Calculation time analysis

During the conduction of h2o experiments, it occurred to us, that although we've set the same amount of time for every single task for the h2o as the forester had, the h2o AutoML method lasted much longer than it should. To briefly explore this issue, we've decided to analyse the times needed for every experiment for both frameworks. The results show that despite setting exactly the same time for h2o to run for every experiment, this framework calculates this time in an unknown way, as our empirical results show that the h2o runs lasted two times longer than the forester on average.

Binary classification

forester_1_3   <- readRDS("trained_1_3_sets_3_reps_10b_10r.RData")
forester_4_5   <- readRDS("trained_4_5_sets_3_reps_10b_10r.RData")
forester_19    <- readRDS("trained_19_sets_3_reps_10b_10r.RData")
forester_25_26 <- readRDS("trained_25_26_sets_3_reps_10b_10r.RData")

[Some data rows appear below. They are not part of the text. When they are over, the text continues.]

lemma downward_directed_fiber_map:
  assumes "downward_directed U F" "mono \<phi>" "\<And>u. u \<in> U \<Longrightarrow> fiber G u = \<phi> (fiber F u)"
  shows "downward_directed U G"
  unfolding downward_directed_def
proof (intro ballI)
  fix u v assume "u \<in> U" "v \<in> U"
  then obtain w where "w \<in> U" "fiber F w \<subseteq> fiber F u" "fiber F w \<subseteq> fiber F v"
    using assms(1) unfolding downward_directed_def by blast
  then show "\<exists>w\<in>U. fiber G w \<subseteq> fiber G u \<inter> fiber G v"
    using assms(2,3) \<open>u \<in> U\<close> \<open>v \<in> U\<close> by (metis le_inf_iff monoD)
qed

lemma definably_compactD:
  assumes "definably_compact S n T C" "definable_family S k n U F" "U \<noteq> {}"
    and "\<And>u. u \<in> U \<Longrightarrow> fiber F u \<noteq> {}"
    and "\<And>u. u \<in> U \<Longrightarrow> closedin (subtopology T C) (fiber F u)"
    and "downward_directed U F"
  shows "\<exists>x. \<forall>u\<in>U. x \<in> fiber F u"
proof -
  have "(\<Inter>u\<in>U. fiber F u) \<noteq> {}"
    using assms unfolding definably_compact_def downward_directed_def by simp
  then show ?thesis by blast
qed

lemma definably_compactI:
  assumes "C \<in> S n" "C \<subseteq> topspace T"
    and "\<And>k U F. definable_family S k n U F \<Longrightarrow> U \<noteq> {} \<Longrightarrow> (\<And>u. u \<in> U \<Longrightarrow> fiber F u \<noteq> {}) \<Longrightarrow>
      (\<And>u. u \<in> U \<Longrightarrow> closedin (subtopology T C) (fiber F u)) \<Longrightarrow> downward_directed U F \<Longrightarrow>
      \<exists>x. \<forall>u\<in>U. x \<in> fiber F u"
  shows "definably_compact S n T C"
  unfolding definably_compact_def
proof (intro conjI allI impI)
  fix k U F
  assume "definable_family S k n U F \<and> U \<noteq> {} \<and>
    (\<forall>u\<in>U. fiber F u \<noteq> {} \<and> closedin (subtopology T C) (fiber F u)) \<and>
    (\<forall>u\<in>U. \<forall>v\<in>U. \<exists>w\<in>U. fiber F w \<subseteq> fiber F u \<inter> fiber F v)"
  then have "\<exists>x. \<forall>u\<in>U. x \<in> fiber F u"
    using assms(3)[of k U F] unfolding downward_directed_def by blast
  then show "(\<Inter>u\<in>U. fiber F u) \<noteq> {}" by blast
qed (use assms in auto)

context definable_structure
begin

h2o_1_3   <- readRDS("h2o_1_3_sets.RData")
h2o_4_5   <- readRDS("h2o_4_5_sets.RData")
h2o_19    <- readRDS("h2o_19_sets.RData")
h2o_25_26 <- readRDS("h2o_25_26_sets.RData")

create_time_df <- function(forester, h2o) {
  time_df <- list()
  task_name <- c()
  for (i in 1:(length(forester$time_df$name) -1)) {
    task_name <- c(task_name, strsplit(forester$time_df$name[1:(nrow(forester$time_df) - 1)][i], split = ' ')[[1]][2])
  }
  time_df$task_name      <- task_name
  time_df$forester_time  <- round(forester$time_df$timestamp[2:(nrow(forester$time_df))] - 
                                  forester$time_df$timestamp[1:(nrow(forester$time_df) - 1)])
  time_df$h2o_time       <- round(h2o$time_df$timestamp[2:(nrow(h2o$time_df))] - h2o$time_df$timestamp[1:(nrow(h2o$time_df) - 1)])
  time_df$difference     <- time_df$forester_time - time_df$h2o_time
  time_df$relative_diff   <- time_df$forester_time/time_df$h2o_time
  return(data.frame(time_df))
}

aggregate_times <- function(df) {
  df_mean <- df %>%
    group_by(task_name) %>%
    summarise(mean_forester_time = mean(forester_time), mean_h2o_time = mean(h2o_time), 
              mean_difference = mean(difference), mean_relative_diff = mean(relative_diff))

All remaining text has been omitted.